Italian Anarchism was first materialized in the Italian section of the First International. The popularity of the IWA skyrocketed with the Paris Commune. Because of limited knowledge of the actual events taking place, many militants had utopian visions of the nature of the Commune, leading to a popularity of Anarchist and other Socialist ideas. The radical republican Giuseppe Mazzini condemned the Commune because it represented everything he hated: class struggle, mass violence, atheism, and materialism. Mazzini's condemnation helped to increase the defection of many republicans to the ranks of the IWA.

As the split between Marx and Bakunin became more prominent, the Italian section of the IWA primarily took the side of Bakunin against the authoritarian behavior of Marx's General Council.
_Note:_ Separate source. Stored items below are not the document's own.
lemma gr_positive_sub_of:
  assumes "p \<noteq> p'"
  shows "gr_positive (gr_sub (gr_of p) (gr_of p')) \<longleftrightarrow> lex_less p' p"
proof
  assume "gr_positive (gr_sub (gr_of p) (gr_of p'))"
  then obtain h where h: "gr_sub (gr_of p) (gr_of p') h > 0"
    and top: "\<And>h'. lex_less h h' \<Longrightarrow> gr_sub (gr_of p) (gr_of p') h' = 0"
    unfolding gr_positive_def by blast
  have "h = p"
    using h by (auto simp: gr_sub_def gr_of_def split: if_splits)
  then show "lex_less p' p"
    using top[of p'] assms lex_less_linear[OF assms] by (auto simp: gr_sub_def gr_of_def)
next
  assume "lex_less p' p"
  then show "gr_positive (gr_sub (gr_of p) (gr_of p'))"
    unfolding gr_positive_def using assms lex_less_asym
    by (intro exI[of _ p]) (auto simp: gr_sub_def gr_of_def lex_less_def)
qed

lemma pm_positive_iff_first_entry:
  assumes "filter (\<lambda>a. a \<noteq> gr_zero) (entry_list sw M 0) = a # r"
  shows "pm_positive sw M \<longleftrightarrow> gr_positive a"
proof
  assume "pm_positive sw M"
  then obtain n where below: "\<forall>m<n. \<forall>a\<in>set (entry_list sw M m). a = gr_zero"
    and first: "case filter (\<lambda>a. a \<noteq> gr_zero) (entry_list sw M n) of
                  [] \<Rightarrow> False | a # _ \<Rightarrow> gr_positive a"
    unfolding pm_positive_def by blast
  have "n = 0"
  proof (rule ccontr)
    assume "n \<noteq> 0"
    then have "filter (\<lambda>a. a \<noteq> gr_zero) (entry_list sw M 0) = []"
      using below by (simp add: filter_empty_conv)
    with assms show False
      by simp
  qed
  then show "gr_positive a"
    using first assms by simp
qed (use assms in \<open>auto simp: pm_positive_def intro: exI[of _ 0]\<close>)

lemma pm_positive_sub_diag_degree0:
  assumes "A 0 0 0 = gr_of p" and "A 0 1 1 = gr_of q"
    and "B 0 0 0 = gr_of p'" and "B 0 1 1 = gr_of q'"
    and "p \<noteq> p' \<or> q \<noteq> q'"
  shows "pm_positive sw (pm_sub A B) \<longleftrightarrow> (if p = p' then lex_less q' q else lex_less p' p)"
proof -
  obtain rest where entries: "entry_list sw (pm_sub A B) 0
      = gr_sub (gr_of p) (gr_of p') # gr_sub (gr_of q) (gr_of q') # rest"
    unfolding entry_list_def pm_sub_def assms(1-4) by simp
  show ?thesis
  proof (cases "p = p'")
    case True
    then have "filter (\<lambda>a. a \<noteq> gr_zero) (entry_list sw (pm_sub A B) 0)
        = gr_sub (gr_of q) (gr_of q') # filter (\<lambda>a. a \<noteq> gr_zero) rest"
      using assms(5) by (simp add: entries gr_sub_of_eq_zero_iff)
    then show ?thesis
      using True assms(5) by (simp add: pm_positive_iff_first_entry gr_positive_sub_of)
  next
    case False
    then have "filter (\<lambda>a. a \<noteq> gr_zero) (entry_list sw (pm_sub A B) 0)
        = gr_sub (gr_of p) (gr_of p') # filter (\<lambda>a. a \<noteq> gr_zero) (gr_sub (gr_of q) (gr_of q') # rest)"
      by (simp add: entries gr_sub_of_eq_zero_iff)
    then show ?thesis
      using False by (simp add: pm_positive_iff_first_entry gr_positive_sub_of)
  qed
qed

lemma not_pm_positive_sub_self: "\<not> pm_positive sw (pm_sub A A)"
  by (simp add: pm_positive_def entry_list_def pm_sub_def gr_sub_def gr_zero_def)

lemma fp_less_inF:
  fixes f f' :: "'f::{group_add,linorder}"
  shows "fp_less sw (inF f :: ('f, 'g::{group_add,linorder}) freeprod) (inF f') \<longleftrightarrow> f < f'"
proof (cases "f = f'")
  case False
  then show ?thesis
    by (simp add: fp_less_def lex_less_def
        pm_positive_sub_diag_degree0[where A = "rho (inF f')" and B = "rho (inF f)",
          OF rho_inF_diag rho_inF_diag])
qed (simp add: fp_less_def not_pm_positive_sub_self)

lemma fp_less_inG:
  fixes g g' :: "'g::{group_add,linorder}"
  shows "fp_less sw (inG g :: ('f::{group_add,linorder}, 'g) freeprod) (inG g') \<longleftrightarrow> g < g'"
proof (cases "g = g'")
  case False
  then show ?thesis
    by (simp add: fp_less_def lex_less_def
        pm_positive_sub_diag_degree0[where A = "rho (inG g')" and B = "rho (inG g)",
          OF rho_inG_diag rho_inG_diag])
qed (simp add: fp_less_def not_pm_positive_sub_self)

theorem corollary4p1:
  fixes \<phi> :: "'f::{group_add,linorder} \<Rightarrow> 'f"
    and \<psi> :: "'g::{group_add,linorder} \<Rightarrow> 'g"
    and sw :: bool
  assumes "bi_invariant_order TYPE('f)"
    and "bi_invariant_order TYPE('g)"
  shows "(\<forall>f f' :: 'f. fp_less sw (inF f :: ('f, 'g) freeprod) (inF f') \<longleftrightarrow> f < f')
       \<and> (\<forall>g g' :: 'g. fp_less sw (inG g :: ('f, 'g) freeprod) (inG g') \<longleftrightarrow> g < g')
       \<and> (order_automorphism \<phi> \<longrightarrow> order_automorphism \<psi> \<longrightarrow>
            (\<forall>x y :: ('f, 'g) freeprod. fp_less sw x y \<longrightarrow>
               fp_less sw (freeprod_map \<phi> \<psi> x) (freeprod_map \<phi> \<psi> y)))"
proof (intro conjI allI impI)
  show "fp_less sw (inF f :: ('f, 'g) freeprod) (inF f') \<longleftrightarrow> f < f'" for f f'
    by (rule fp_less_inF)
  show "fp_less sw (inG g :: ('f, 'g) freeprod) (inG g') \<longleftrightarrow> g < g'" for g g'
    by (rule fp_less_inG)
  show "fp_less sw (freeprod_map \<phi> \<psi> x) (freeprod_map \<phi> \<psi> y)"
    if "order_automorphism \<phi>" "order_automorphism \<psi>" "fp_less sw x y" for x y :: "('f, 'g) freeprod"
    using that by (rule fp_less_freeprod_map)
qed

end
Bakunin's defense of the Paris Commune against the attacks of Mazzini and Marx and Engels's incompetence in challenging them led to Bakuninism becoming the prominent strain of thought in the Italian IWA. In 1872, Bakunin, and Cafiero helped to organize a national federation of Italian IWA sections. All the delegates at the founding congress excluding Carlo Terzaghi (a police spy) and two Garibaldian socialists, were Anarchists.

Errico Malatesta 

Errico Malatesta was an important Italian anarchist. He wrote and edited a number of radical newspapers and was also a friend of Mikhail Bakunin. Partly via his enthusiasm for the Paris Commune and partly via his friendship with Carmelo Palladino, he joined the Naples section of the International Workingmen's Association that same year, as well as teaching himself to be a mechanic and electrician. In 1872 he met Mikhail Bakunin, with whom he participated in the International's St. Imier Congress. For the next four years, Malatesta helped spread Internationalist propaganda in Italy; he was imprisoned twice for these activities.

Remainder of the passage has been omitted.